= RNA-dominant disease =

RNA-dominant diseases are characterized by deleterious mutations that typically result in degenerative disorders affecting various neurological, cardiovascular, and muscular functions. Studies have found that they arise from repetitive non-coding RNA sequences, also known as toxic RNA, which inhibit RNA-binding proteins leading to pathogenic effects. The most studied RNA-dominant diseases include, but are not limited to, myotonic dystrophy and fragile X-associated tremor/ataxia syndrome (FXTAS).

== Cause ==
The cause of these diseases has been found to conventionally be expanded repetitions of CNG or NCNG nucleotide sequences in non-coding RNA. For example, myotonic dystrophy type 1 (DM1) results from the repetition of RNA base pairs CUG transcribed from a region of the DMPK gene, while myotonic dystrophy type 2 (DM2) is derived from an expanded CCUG sequence repeat.

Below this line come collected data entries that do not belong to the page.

(* Let $\alpha>0$, $A\ge0$, $B>0$, $t>0$, and let $P_n(x,t)$ be the monic polynomials orthogonal on $[0,\infty)$ w.r.t. $w(x,t)=x^\alpha e^{-x}(A+B\theta(x-t))$, with norms $h_n(t)$ and recurrence $zP_n=P_{n+1}+\alpha_n(t)P_n+\beta_n(t)P_{n-1}$. Let $R_n(t)=Bt^\alpha e^{-t}\{P_n(t,t)\}^2/h_n(t)$, $r_n(t)=Bt^\alpha e^{-t}P_n(t,t)P_{n-1}(t,t)/h_{n-1}(t)$ for $n\ge1$, and $r_0:=0$. Then for $n\ge0$ $$\alpha_n=2n+1+\alpha+tR_n,\qquad r_{n+1}+r_n=R_n(t-\alpha_n).$$
   Context: $\theta$ is the Heaviside function ($1$ for $x>0$, $0$ otherwise); $P_n(t,t)$ is $P_n(x,t)$ at $x=t$; $P_{-1}:=0$. *)

theory Defs
  imports "HOL-Analysis.Analysis" "HOL-Computational_Algebra.Polynomial"
begin

definition heaviside :: "real \<Rightarrow> real" where
  "heaviside x = (if x > 0 then 1 else 0)"

definition jump_weight :: "real \<Rightarrow> real \<Rightarrow> real \<Rightarrow> real \<Rightarrow> real \<Rightarrow> real" where
  "jump_weight \<alpha> A B t x = x powr \<alpha> * exp (- x) * (A + B * heaviside (x - t))"

definition monic_orthogonal :: "(real \<Rightarrow> real) \<Rightarrow> (nat \<Rightarrow> real poly) \<Rightarrow> bool" where
  "monic_orthogonal w P \<longleftrightarrow>
     (\<forall>n. degree (P n) = n \<and> lead_coeff (P n) = 1 \<and>
        (\<forall>k<n. ((\<lambda>x. poly (P n) x * x ^ k * w x) has_integral 0) {0..}))"
lemma odd_double_fact_ratio_bounds:
  fixes m :: nat
  defines "q \<equiv> odd_double_fact m ^ 2 / fact (2 * m)"
  shows "1 \<le> pi / 2 * (2 * real m + 1) * q^2"
    and "pi / 2 * (2 * real m + 1) * q^2 \<le> 1 + 2 / (2 * real m + 1)"
proof -
  have "(2 * real m + 1) * q^2 = 1 / wallis_partial m"
    using wallis_partial_odd_double_fact[of m, folded q_def] wallis_partial_pos[of m]
    by (simp add: eq_divide_eq algebra_simps)
  then have eq: "pi / 2 * (2 * real m + 1) * q^2 = pi / 2 / wallis_partial m"
    by (simp add: mult.assoc)
  show "1 \<le> pi / 2 * (2 * real m + 1) * q^2"
    unfolding eq using wallis_partial_le[of m] wallis_partial_pos[of m] by simp
  show "pi / 2 * (2 * real m + 1) * q^2 \<le> 1 + 2 / (2 * real m + 1)"
  proof (cases "m = 0")
    case True
    then show ?thesis
      unfolding eq using pi_less_4 by (simp add: wallis_partial_def)
  next
    case False
    then have "pi / 2 / wallis_partial m \<le> 1 + 1 / (2 * real m)"
      using wallis_partial_ge[of m] wallis_partial_pos[of m] by (simp add: pos_divide_le_eq mult.commute)
    also have "\<dots> \<le> 1 + 2 / (2 * real m + 1)"
      using False by (simp add: field_simps)
    finally show ?thesis
      unfolding eq .
  qed
qed

section \<open>A perturbed harmonic oscillator\<close>

lemma abs_diff_le_of_deriv_bound:
  fixes f \<phi> :: "real \<Rightarrow> real"
  assumes "a \<le> b"
    and "\<And>x. (f has_real_derivative f' x) (at x)"
    and "\<And>x. (\<phi> has_real_derivative \<phi>' x) (at x)"
    and "\<And>x. a \<le> x \<Longrightarrow> x \<le> b \<Longrightarrow> \<bar>f' x\<bar> \<le> \<phi>' x"
  shows "\<bar>f b - f a\<bar> \<le> \<phi> b - \<phi> a"
proof (cases "a = b")
  case False
  then show ?thesis
    using differentiable_bound_general[of a b f \<phi> f' \<phi>'] assms
    by (auto simp: has_real_derivative_iff_has_vector_derivative[symmetric]
        intro!: continuous_at_imp_continuous_on DERIV_isCont)
qed simp

lemma oscillator_perturbation_linear_bound:
  fixes h h' h'' :: "real \<Rightarrow> real" and D :: real
  assumes D: "D \<ge> 1"
    and h': "\<And>x. (h has_real_derivative h' x) (at x)"
    and h'': "\<And>x. (h' has_real_derivative h'' x) (at x)"
    and h0: "h 0 = 0"
    and perturbation: "\<And>s. 0 \<le> s \<Longrightarrow> s \<le> 1 / sqrt D \<Longrightarrow> \<bar>h'' s + D * h s\<bar> \<le> (1 + \<bar>h s\<bar>) / 2"
    and t: "0 \<le> t" "t \<le> 1 / sqrt D"
  shows "\<bar>h t\<bar> \<le> (4 * \<bar>h' 0\<bar> + 2 / sqrt D) * t"
proof -
  define T where "T = 1 / sqrt D"
  have T: "0 < T" "T \<le> 1" "D * T^2 = 1"
    using D by (auto simp: T_def power_divide)
  have "continuous_on {0..T} (\<lambda>s. \<bar>h' s\<bar>)"
    using DERIV_isCont[OF h''] by (intro continuous_intros continuous_at_imp_continuous_on) auto
  then obtain s0 where s0: "0 \<le> s0" "s0 \<le> T" and max: "\<And>s. 0 \<le> s \<Longrightarrow> s \<le> T \<Longrightarrow> \<bar>h' s\<bar> \<le> \<bar>h' s0\<bar>"
    using continuous_attains_sup[of "{0..T}" "\<lambda>s. \<bar>h' s\<bar>"] T by auto
  define K where "K = \<bar>h' s0\<bar>"
  have h_le: "\<bar>h s\<bar> \<le> K * s" if "0 \<le> s" "s \<le> T" for s
    using abs_diff_le_of_deriv_bound[of 0 s h h' "\<lambda>x. K * x" "\<lambda>_. K"] that h' max h0
    unfolding K_def by (auto intro!: derivative_eq_intros)
  have h''_le: "\<bar>h'' s\<bar> \<le> K * (D + 1/2) * s + 1/2" if "0 \<le> s" "s \<le> T" for s
  proof -
    have "\<bar>h'' s\<bar> \<le> \<bar>h'' s + D * h s\<bar> + D * \<bar>h s\<bar>"
      using D abs_triangle_ineq[of "h'' s + D * h s" "- D * h s"] by (simp add: abs_mult)
    also have "\<dots> \<le> (1 + K * s) / 2 + D * (K * s)"
      using perturbation[of s] h_le[OF that] that D unfolding T_def
      by (intro add_mono mult_left_mono divide_right_mono) auto
    finally show ?thesis
      by (simp add: algebra_simps add_divide_distrib)
  qed
  \<comment> \<open>The equation bounds \<open>h''\<close> in terms of \<open>K\<close>; integrating back at the maximiser of
    \<open>|h'|\<close> gives \<open>K \<le> |h' 0| + 3/4 K + T/2\<close>.\<close>
  have "((\<lambda>x. K * (D + 1/2) * x^2 / 2 + x / 2) has_real_derivative K * (D + 1/2) * x + 1/2) (at x)" for x
    by (auto intro!: derivative_eq_intros)
  then have "\<bar>h' s0 - h' 0\<bar> \<le> K * (D + 1/2) * s0^2 / 2 + s0 / 2 - (K * (D + 1/2) * 0^2 / 2 + 0 / 2)"
    by (rule abs_diff_le_of_deriv_bound[OF s0(1) h'']) (use h''_le s0 in auto)
  also have "\<dots> = K * (D + 1/2) * s0^2 / 2 + s0 / 2"
    by simp
  also have "\<dots> \<le> K * (D + 1/2) * T^2 / 2 + T / 2"
    using s0 D K_def by (intro add_mono divide_right_mono mult_left_mono power_mono) auto
  also have "\<dots> = K / 2 + K * T^2 / 4 + T / 2"
    using T(3) by (simp add: algebra_simps)
  also have "\<dots> \<le> K / 2 + K / 4 + T / 2"
    using T K_def power_le_one[of T 2] by (intro add_mono divide_right_mono mult_left_le) auto
  finally have "K \<le> 4 * \<bar>h' 0\<bar> + 2 * T"
    unfolding K_def by linarith
  then have "K * t \<le> (4 * \<bar>h' 0\<bar> + 2 * T) * t"
    using t by (intro mult_right_mono) auto
  with h_le[of t] t show ?thesis
    unfolding T_def by simp
qed

section \<open>The remainder \<open>r\<^sub>d\<close>\<close>

definition hermite_scale :: "nat \<Rightarrow> real" where
  "hermite_scale d = (pi * real d / 2) powr (1/4) / sqrt (fact d)"

definition hermite_phase :: "nat \<Rightarrow> real" where
  "hermite_phase d = (1 - real d) / 2 * pi"

definition hermite_rem_deriv :: "nat \<Rightarrow> real \<Rightarrow> real" where
  "hermite_rem_deriv d x = hermite_scale d * parabolic_cylinder_deriv d x
     - sqrt (real d) * cos (hermite_phase d + sqrt (real d) * x)"

lemma hermite_rem_eq_parabolic_cylinder:
  assumes "d > 0"
  shows "hermite_rem d x = hermite_scale d * parabolic_cylinder d x - sin (hermite_phase d + sqrt (real d) * x)"
proof -
  have "(2 / (pi * real d)) powr (1/4) = 1 / (pi * real d / 2) powr (1/4)"
    using assms by (simp add: powr_divide)
  then show ?thesis
    unfolding hermite_rem_def hermite_def parabolic_cylinder_def hermite_scale_def hermite_phase_def
    by (simp add: exp_minus field_simps)
qed

lemma hermite_rem_has_real_derivative:
  assumes "d > 0"
  shows "(hermite_rem d has_real_derivative hermite_rem_deriv d x) (at x)"
  unfolding hermite_rem_eq_parabolic_cylinder[OF assms, abs_def] hermite_rem_deriv_def
  by (auto intro!: derivative_eq_intros parabolic_cylinder_has_real_derivative)

lemma hermite_rem_deriv_has_real_derivative:
  assumes "d > 0"
  shows "(hermite_rem_deriv d has_real_derivative
      - real d * hermite_rem d x - (1/2 - x^2 / 4) * (hermite_rem d x + sin (hermite_phase d + sqrt (real d) * x)))
      (at x)"
proof -
  have "sqrt (real d) * (sqrt (real d) * y) = real d * y" for y
    by (simp flip: mult.assoc)
  then show ?thesis
    unfolding hermite_rem_deriv_def[abs_def] hermite_rem_eq_parabolic_cylinder[OF assms]
    by (auto intro!: derivative_eq_intros weber_equation simp: algebra_simps)
qed

lemma hermite_rem_odd_at_0:
  assumes "odd d"
  shows "hermite_rem d 0 = 0"
proof -
  obtain m where d: "d = 2 * m + 1"
    using assms oddE by blast
  have "hermite_phase d = - (real m * pi)"
    using d by (simp add: hermite_phase_def field_simps)
  then show ?thesis
    using d hermite_prob_odd_at_0[of m]
    by (simp add: hermite_rem_eq_parabolic_cylinder parabolic_cylinder_def)
qed

lemma abs_sub_one_le_power4:
  fixes x :: real
  assumes "x \<ge> 0"
  shows "\<bar>x - 1\<bar> \<le> \<bar>x^4 - 1\<bar>"
proof -
  have "x^4 - 1 = (x - 1) * ((x + 1) * (x^2 + 1))"
    by (simp add: algebra_simps power2_eq_square power4_eq_xxxx)
  moreover have "1 \<le> (x + 1) * (x^2 + 1)"
    using assms by (simp add: algebra_simps add_increasing)
  ultimately show ?thesis
    using assms by (simp add: abs_mult mult_le_cancel_left1)
qed

lemma hermite_rem_deriv_odd_at_0_eq:
  assumes d: "d = 2 * m + 1"
  shows "hermite_rem_deriv d 0
    = (-1) ^ m * sqrt (real d) * ((pi * real d / 2) powr (1/4) * odd_double_fact m / sqrt (fact (2 * m)) - 1)"
proof -
  have sqrt_fact: "sqrt (fact d) = sqrt (real d) * sqrt (fact (2 * m))"
    using d by (simp add: real_sqrt_mult)
  have phase: "hermite_phase d = - (real m * pi)"
    using d by (simp add: hermite_phase_def field_simps)
  have "parabolic_cylinder_deriv d 0 = real d * (-1) ^ m * odd_double_fact m"
    using d hermite_prob_even_at_0[of m] by (simp add: parabolic_cylinder_deriv_def)
  then have "hermite_scale d * parabolic_cylinder_deriv d 0
      = (-1) ^ m * (real d / sqrt (real d)) * ((pi * real d / 2) powr (1/4) * odd_double_fact m / sqrt (fact (2 * m)))"
    unfolding hermite_scale_def sqrt_fact by (simp add: field_simps)
  then show ?thesis
    unfolding hermite_rem_deriv_def phase by (simp add: real_div_sqrt algebra_simps)
qed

Similarly, FXTAS results from CGG repeats transcribed from a region in the FMR1 gene encoding protein, and spinocerebellar ataxia (SCA) results from CAG repetition transcribed in various genes. Furthermore, frontotemporal dementia (FTD) and amyotrophic lateral sclerosis (ALS) have been found to develop from the repeated GGGGCC sequence transcribed from an intron in the C90RF72 gene. These toxic RNA sequences consist of a varying number of repeats and have been observed to construct intermolecular hairpin structures which slow their decay and allow them the functionality to interact with proteins inducing irregular splicing. It is generally noted that overall variation in the expression of affected genes and the number of repeat sequences of the RNA have little to do with the pathogenic consequences, but rather it is the gain of organizational and catalytic functions of the mutant RNA, which is similar to that of mutant proteins, that causes the toxicity.

== Treatment ==
There are currently no established treatments, but, one study, focused on myotonic dystrophy type 1, suggests that the use of antisense oligonucleotides (ASOs) known as gapmers can aid in decreasing the mutant RNA repeat transcripts. In the study, the gapmers tested contained specific modified nucleic acids which target Ribonuclease and prompted H-mediated cleaving of intended RNA sequences. Specifically, the use of CAG gapmers showed significant decrease of toxic RNA in cell cultures and a slightly less significant decrease in a test of mouse skeletal muscle. The study also noted that ASO treatment can result in possible muscular damage, but had reason to suggest that further research of antisense technology would result in reduced effect.
== Prognosis ==
Toxic RNA can lead to a vast range of medical effects including those of insulin resistance, tumors, muscular wasting seen in myotonic dystrophies, impairment of motor skills seen in FXTAS, a variety neurodegenerative syndromes, and more. Treatment has been suggested for some of these RNA-dominant diseases while others are still considered incurable.